[Stored data]

[Start of section]

lemma finite_mults_of: "proper_factors (ds :: (int \<times> ('r::finite \<Rightarrow> nat)) list) \<Longrightarrow> finite (mults_of ds k)"
  by (simp add: finite_mults_below proper_factors_nth)

text \<open>A multiplicity vector \<open>f\<close>, choosing the term \<open>(L^m T^n)^(f i)\<close> from the \<open>i\<close>-th geometric
  series, contributes the monomial \<open>L^(ldeg_of ds f) T^(tdeg_of ds f)\<close>.\<close>

lemma geom_prod_expand:
  fixes ds :: "(int \<times> ('r::finite \<Rightarrow> nat)) list"
  assumes sc: "module sc" and "proper_factors ds"
  shows "geom_prod sc ds P k =
    (\<Sum>f\<in>mults_of ds k. sc (Lpow (ldeg_of ds f)) (P (\<lambda>j. k j - tdeg_of ds f j)))"
  using assms(2)
proof (induction ds arbitrary: k)
  case Nil
  have "mults_of [] k = {\<lambda>_. 0}" by (auto simp: mults_below_def vanishes_from_def)
  thus ?case by (simp add: ldeg_def tdeg_def module.scale_one[OF sc])
next
  case (Cons d ds)
  obtain m n where d: "d = (m, n)" by fastforce
  have n: "n \<noteq> (\<lambda>_. 0)" and ds: "proper_factors ds"
    using Cons.prems d by (auto simp: proper_factors_def)
  define c where "c = factor_tdeg (d # ds)"
  define e where "e = factor_ldeg (d # ds)"
  have c: "c 0 = n" "(\<lambda>i. c (Suc i)) = factor_tdeg ds"
    and e: "e 0 = m" "(\<lambda>i. e (Suc i)) = factor_ldeg ds"
    by (auto simp: c_def e_def d factor_tdeg_def factor_ldeg_def)
  let ?h = "length ds"
  let ?F = "\<lambda>f. sc (Lpow (ldeg (Suc ?h) e f)) (P (\<lambda>j. k j - tdeg (Suc ?h) c f j))"
  have "geom_prod sc (d # ds) P k = (\<Sum>l\<in>{l. \<forall>j. l * c 0 j \<le> k j}.
      sc (Lpow (e 0) ^ l) (geom_prod sc ds P (\<lambda>j. k j - l * c 0 j)))"
    by (simp add: d geom_mul_def c(1) e(1))
  also have "\<dots> = (\<Sum>l\<in>{l. \<forall>j. l * c 0 j \<le> k j}. sc (Lpow (e 0) ^ l)
      (\<Sum>f\<in>mults_below ?h (\<lambda>i. c (Suc i)) (\<lambda>j. k j - l * c 0 j).
         sc (Lpow (ldeg ?h (\<lambda>i. e (Suc i)) f)) (P (\<lambda>j. (k j - l * c 0 j) - tdeg ?h (\<lambda>i. c (Suc i)) f j))))"
    by (intro sum.cong refl arg_cong[where f="sc _"]) (simp add: Cons.IH[OF ds] c(2) e(2))
  also have "\<dots> = (\<Sum>l\<in>{l. \<forall>j. l * c 0 j \<le> k j}.
      \<Sum>f\<in>mults_below ?h (\<lambda>i. c (Suc i)) (\<lambda>j. k j - l * c 0 j). ?F (case_nat l f))"
    by (intro sum.cong refl)
      (simp add: module.scale_sum_right[OF sc] module.scale_scale[OF sc]
        Lpow_power Lpow_add[symmetric] ldeg_case_nat tdeg_case_nat diff_diff_left)
  also have "\<dots> = (\<Sum>(l, f)\<in>(SIGMA l:{l. \<forall>j. l * c 0 j \<le> k j}.
      mults_below ?h (\<lambda>i. c (Suc i)) (\<lambda>j. k j - l * c 0 j)). ?F (case_nat l f))"
    using finite_geom_index[OF n] finite_mults_of[OF ds] by (subst sum.Sigma) (auto simp: c)
  also have "\<dots> = (\<Sum>f\<in>mults_below (Suc ?h) c k. ?F f)"
    using sum.reindex_bij_betw[OF bij_betw_case_nat_mults_below, of ?F c k ?h]
    by (simp add: case_prod_unfold)
  finally show ?case by (simp add: c_def e_def)
qed

lemma module_self: "module ((*) :: 'a::comm_ring_1 \<Rightarrow> 'a \<Rightarrow> 'a)"
  by standard (simp_all add: algebra_simps)

lemma geom_prod_scale_sum:
  fixes ds :: "(int \<times> ('r::finite \<Rightarrow> nat)) list"
  assumes sc: "module sc" and ds: "proper_factors ds" and "finite X"
  shows "geom_prod sc ds (\<lambda>k. \<Sum>x\<in>X. sc (F x k) (v x)) k = (\<Sum>x\<in>X. sc (geom_prod (*) ds (F x) k) (v x))"
proof -
  have "geom_prod sc ds (\<lambda>k. \<Sum>x\<in>X. sc (F x k) (v x)) k =
      (\<Sum>f\<in>mults_of ds k. \<Sum>x\<in>X. sc (Lpow (ldeg_of ds f) * F x (\<lambda>j. k j - tdeg_of ds f j)) (v x))"
    by (simp add: geom_prod_expand[OF sc ds] module.scale_sum_right[OF sc] module.scale_scale[OF sc])
  also have "\<dots> = (\<Sum>x\<in>X. \<Sum>f\<in>mults_of ds k. sc (Lpow (ldeg_of ds f) * F x (\<lambda>j. k j - tdeg_of ds f j)) (v x))"
    by (rule sum.swap)
  also have "\<dots> = (\<Sum>x\<in>X. sc (geom_prod (*) ds (F x) k) (v x))"
    by (simp add: geom_prod_expand[OF module_self ds] module.scale_sum_left[OF sc])
  finally show ?thesis .
qed

lemma geom_prod_expand_support:
  fixes ds :: "(int \<times> ('r::finite \<Rightarrow> nat)) list"
  assumes sc: "module sc" and ds: "proper_factors ds" and "finite {u. P u \<noteq> 0}"
  shows "geom_prod sc ds P k = (\<Sum>u | P u \<noteq> 0.
     \<Sum>f | vanishes_from (length ds) f \<and> (\<lambda>j. u j + tdeg_of ds f j) = k. sc (Lpow (ldeg_of ds f)) (P u))"
proof -
  let ?U = "{u. P u \<noteq> 0}" and ?L = "\<lambda>f. Lpow (ldeg_of ds f)"
  have "geom_prod sc ds P k = (\<Sum>f\<in>mults_of ds k. sc (?L f) (P (\<lambda>j. k j - tdeg_of ds f j)))"
    by (rule geom_prod_expand[OF sc ds])
  also have "\<dots> = (\<Sum>f\<in>mults_of ds k. \<Sum>u\<in>?U.
      if u = (\<lambda>j. k j - tdeg_of ds f j) then sc (?L f) (P u) else 0)"
  proof (intro sum.cong refl)
    fix f
    show "sc (?L f) (P (\<lambda>j. k j - tdeg_of ds f j)) =
        (\<Sum>u\<in>?U. if u = (\<lambda>j. k j - tdeg_of ds f j) then sc (?L f) (P u) else 0)"
      using assms(3) by (cases "P (\<lambda>j. k j - tdeg_of ds f j) = 0")
        (simp_all add: module.scale_zero_right[OF sc] sum.delta')
  qed
  also have "\<dots> = (\<Sum>u\<in>?U. \<Sum>f\<in>mults_of ds k. if u = (\<lambda>j. k j - tdeg_of ds f j) then sc (?L f) (P u) else 0)"
    by (rule sum.swap)
  also have "\<dots> = (\<Sum>u\<in>?U. \<Sum>f | vanishes_from (length ds) f \<and> (\<lambda>j. u j + tdeg_of ds f j) = k. sc (?L f) (P u))"
  proof (rule sum.cong[OF refl])
    fix u
    have "{f\<in>mults_of ds k. u = (\<lambda>j. k j - tdeg_of ds f j)} =
        {f. vanishes_from (length ds) f \<and> (\<lambda>j. u j + tdeg_of ds f j) = k}"
      by (auto simp: mults_below_def fun_eq_iff) (metis le_add2, metis add_diff_cancel_right')+
    thus "(\<Sum>f\<in>mults_of ds k. if u = (\<lambda>j. k j - tdeg_of ds f j) then sc (?L f) (P u) else 0) =
      (\<Sum>f | vanishes_from (length ds) f \<and> (\<lambda>j. u j + tdeg_of ds f j) = k. sc (?L f) (P u))"
      by (simp add: sum.inter_filter[OF finite_mults_of[OF ds], symmetric])
  qed
  finally show ?thesis .
qed

definition loc_series :: "(int \<times> ('r::finite \<Rightarrow> nat)) list \<Rightarrow> (('r \<Rightarrow> nat) \<Rightarrow> zloc) \<Rightarrow> bool" where
  "loc_series ds F \<longleftrightarrow> (\<exists>R. finite {k. R k \<noteq> 0} \<and> F = geom_prod (*) ds R)"

lemma loc_series_add:
  assumes ds: "proper_factors ds" and "loc_series ds F" "loc_series ds G"
  shows "loc_series ds (\<lambda>k. F k + G k)"
proof -
  obtain R R' where R: "finite {k. R k \<noteq> 0}" "F = geom_prod (*) ds R"
    and R': "finite {k. R' k \<noteq> 0}" "G = geom_prod (*) ds R'"
    using assms(2,3) by (auto simp: loc_series_def)
  have "finite {k. R k + R' k \<noteq> 0}"
    by (rule finite_subset[OF _ finite_UnI[OF R(1) R'(1)]]) auto
  moreover have "(\<lambda>k. F k + G k) = geom_prod (*) ds (\<lambda>k. R k + R' k)"
    by (rule ext) (simp add: R(2) R'(2) geom_prod_expand[OF module_self ds] sum.distrib algebra_simps)
  ultimately show ?thesis unfolding loc_series_def by (intro exI[of _ "\<lambda>k. R k + R' k"]) simp
qed

lemma loc_series_zero: "proper_factors ds \<Longrightarrow> loc_series ds (\<lambda>k. 0)"
  unfolding loc_series_def by (rule exI[of _ "\<lambda>k. 0"]) (auto simp: geom_prod_expand[OF module_self])

lemma loc_series_sum:
  assumes ds: "proper_factors ds" and "\<And>x. x \<in> X \<Longrightarrow> loc_series ds (F x)"
  shows "loc_series ds (\<lambda>k. \<Sum>x\<in>X. F x k)"
  using assms(2)
  by (induction X rule: infinite_finite_induct) (simp_all add: loc_series_zero[OF ds] loc_series_add[OF ds])

lemma loc_series_shift:
  fixes ds :: "(int \<times> ('r::finite \<Rightarrow> nat)) list"
  assumes ds: "proper_factors ds" and "loc_series ds F"
  shows "loc_series ds (\<lambda>k. if \<forall>j. v j \<le> k j then c * F (\<lambda>j. k j - v j) else 0)"
proof -
  obtain R where R: "finite {k. R k \<noteq> 0}" "F = geom_prod (*) ds R"
    using assms(2) by (auto simp: loc_series_def)
  define R' where "R' = (\<lambda>k. if \<forall>j. v j \<le> k j then c * R (\<lambda>j. k j - v j) else 0)"
  have "{k. R' k \<noteq> 0} \<subseteq> (\<lambda>k' j. k' j + v j) ` {k. R k \<noteq> 0}"
  proof
    fix k assume "k \<in> {k. R' k \<noteq> 0}"
    hence "\<forall>j. v j \<le> k j" "R (\<lambda>j. k j - v j) \<noteq> 0" by (auto simp: R'_def split: if_splits)
    thus "k \<in> (\<lambda>k' j. k' j + v j) ` {k. R k \<noteq> 0}"
      by (intro image_eqI[where x="\<lambda>j. k j - v j"]) auto
  qed
  hence "finite {k. R' k \<noteq> 0}" using R(1) finite_subset by blast
  moreover have "(if \<forall>j. v j \<le> k j then c * F (\<lambda>j. k j - v j) else 0) = geom_prod (*) ds R' k" for k
  proof -
    let ?f_ok = "\<lambda>f. \<forall>j. v j \<le> k j - tdeg_of ds f j"
    have "geom_prod (*) ds R' k = (\<Sum>f\<in>mults_of ds k. Lpow (ldeg_of ds f) *
        (if ?f_ok f then c * R (\<lambda>j. k j - tdeg_of ds f j - v j) else 0))"
      by (simp add: geom_prod_expand[OF module_self ds] R'_def)
    also have "\<dots> = (\<Sum>f\<in>{f\<in>mults_of ds k. ?f_ok f}.
        Lpow (ldeg_of ds f) * (c * R (\<lambda>j. k j - tdeg_of ds f j - v j)))"
      by (subst sum.inter_filter[OF finite_mults_of[OF ds]]) (auto intro!: sum.cong)
    also have "\<dots> = (if \<forall>j. v j \<le> k j then c * F (\<lambda>j. k j - v j) else 0)"
    proof (cases "\<forall>j. v j \<le> k j")
      case True
      have le_iff: "tdeg_of ds f j \<le> k j \<and> v j \<le> k j - tdeg_of ds f j \<longleftrightarrow> tdeg_of ds f j \<le> k j - v j"
        for f j using True[rule_format, of j] by arith
      have "{f\<in>mults_of ds k. ?f_ok f} = mults_of ds (\<lambda>j. k j - v j)"
        by (auto simp: mults_below_def le_iff[symmetric])
      thus ?thesis using True
        by (simp add: R(2) geom_prod_expand[OF module_self ds] sum_distrib_left algebra_simps
            diff_diff_left add.commute)
    next
      case False
      hence "{f\<in>mults_of ds k. ?f_ok f} = {}"
        by (auto simp: mults_below_def) (meson diff_le_self le_trans)
      thus ?thesis using False by (simp only: sum.empty if_False)
    qed
    finally show ?thesis by simp
  qed
  ultimately show ?thesis unfolding loc_series_def by (intro exI[of _ R']) auto
qed

definition mult_genfun :: "(int \<times> ('r \<Rightarrow> nat)) list \<Rightarrow> (nat \<Rightarrow> nat) set \<Rightarrow> ('r \<Rightarrow> nat) \<Rightarrow> zloc" where
  "mult_genfun ds A k =
     (\<Sum>f | f \<in> A \<and> vanishes_from (length ds) f \<and> tdeg_of ds f = k. Lpow (ldeg_of ds f))"

lemma finite_mult_genfun_fiber:
  fixes ds :: "(int \<times> ('r::finite \<Rightarrow> nat)) list"
  assumes "proper_factors ds"
  shows "finite {f. f \<in> A \<and> vanishes_from (length ds) f \<and> tdeg_of ds f = k}"
  by (rule finite_subset[OF _ finite_mults_of[OF assms, of k]]) (auto simp: mults_below_def)

lemma mult_genfun_cong:
  "(\<And>f. vanishes_from (length ds) f \<Longrightarrow> f \<in> A \<longleftrightarrow> f \<in> A') \<Longrightarrow> mult_genfun ds A = mult_genfun ds A'"
  unfolding mult_genfun_def by (intro ext sum.cong) auto

lemma loc_series_mult_genfun_UNIV:
  fixes ds :: "(int \<times> ('r::finite \<Rightarrow> nat)) list"
  assumes ds: "proper_factors ds"
  shows "loc_series ds (mult_genfun ds UNIV)"
proof -
  define R :: "('r \<Rightarrow> nat) \<Rightarrow> zloc" where "R = (\<lambda>k. if k = (\<lambda>_. 0) then 1 else 0)"
  have "finite {k. R k \<noteq> 0}" by (rule finite_subset[of _ "{\<lambda>_. 0}"]) (auto simp: R_def)
  moreover have "mult_genfun ds UNIV k = geom_prod (*) ds R k" for k
  proof -
    have "{f\<in>mults_of ds k. (\<lambda>j. k j - tdeg_of ds f j) = (\<lambda>_. 0)} =
        {f. f \<in> UNIV \<and> vanishes_from (length ds) f \<and> tdeg_of ds f = k}"
      by (auto simp: mults_below_def fun_eq_iff intro: le_antisym)
    thus ?thesis
      by (simp add: geom_prod_expand[OF module_self ds] R_def mult_genfun_def if_distrib
          sum.inter_filter[OF finite_mults_of[OF ds], symmetric] cong: if_cong)
  qed
  ultimately show ?thesis unfolding loc_series_def by blast
qed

[End of section]

With no other words, state how many lines above hold the word "moreover".

3